## AIM OF THE TASK
Would you please output the lines of the data below from the one containing "fix t assume" to the end, exactly and with nothing added?

## EXERCISE DATA
lemma mrank_Mat_flat_le:
  assumes "n \<ge> 1" "sep_rank_le n K I J X r" "I \<subseteq> {1..K}" "J \<subseteq> {1..K}" "I \<inter> J = {}"
  shows "mrank (Mat_flat n K I J X) \<le> r"
proof -
  obtain T :: "nat set" and U V where T: "finite T" "card T \<le> r"
    "\<And>t. t \<in> T \<Longrightarrow> depends_only_on n K I (U t)" "\<And>t. t \<in> T \<Longrightarrow> depends_only_on n K J (V t)"
    "\<And>xs. xs \<in> tdom n K \<Longrightarrow> X xs = (\<Sum>t\<in>T. U t xs * V t xs)"
    using assms(2) by (rule sep_rank_leE) blast+
  let ?fi = "flat_index n K I J"
  have "X (?fi i j) = (\<Sum>t\<in>T. U t (?fi i 0) * V t (?fi 0 j))" for i j
  proof -
    have "X (?fi i j) = (\<Sum>t\<in>T. U t (?fi i j) * V t (?fi i j))"
      using T(5) flat_index_tdom[OF assms(1)] by blast
    also have "\<dots> = (\<Sum>t\<in>T. U t (?fi i 0) * V t (?fi 0 j))"
    proof (rule sum.cong[OF refl])
      fix t assume "t \<in> T"
      show "U t (?fi i j) * V t (?fi i j) = U t (?fi i 0) * V t (?fi 0 j)"
        using depends_only_on_flat_index_row[OF T(3)[OF \<open>t \<in> T\<close>] assms(1,3), of J i j 0]
          depends_only_on_flat_index_col[OF T(4)[OF \<open>t \<in> T\<close>] assms(1,4,5), of i j 0] by simp
    qed
    finally show ?thesis .
  qed
  then have "Mat_flat n K I J X = mat (n ^ card I) (n ^ card J) (\<lambda>(i, j). \<Sum>t\<in>T. U t (?fi i 0) * V t (?fi 0 j))"
    unfolding Mat_flat_def by auto
  then have "mrank (Mat_flat n K I J X) \<le> card T"
    using mrank_mat_sum_products_le[OF T(1)] by simp
  with T(2) show ?thesis by linarith
qed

## ANSWER BOX
      fix t assume "t \<in> T"
      show "U t (?fi i j) * V t (?fi i j) = U t (?fi i 0) * V t (?fi 0 j)"
        using depends_only_on_flat_index_row[OF T(3)[OF \<open>t \<in> T\<close>] assms(1,3), of J i j 0]
          depends_only_on_flat_index_col[OF T(4)[OF \<open>t \<in> T\<close>] assms(1,4,5), of i j 0] by simp
    qed
    finally show ?thesis .
  qed
  then have "Mat_flat n K I J X = mat (n ^ card I) (n ^ card J) (\<lambda>(i, j). \<Sum>t\<in>T. U t (?fi i 0) * V t (?fi 0 j))"
    unfolding Mat_flat_def by auto
  then have "mrank (Mat_flat n K I J X) \<le> card T"
    using mrank_mat_sum_products_le[OF T(1)] by simp
  with T(2) show ?thesis by linarith
qed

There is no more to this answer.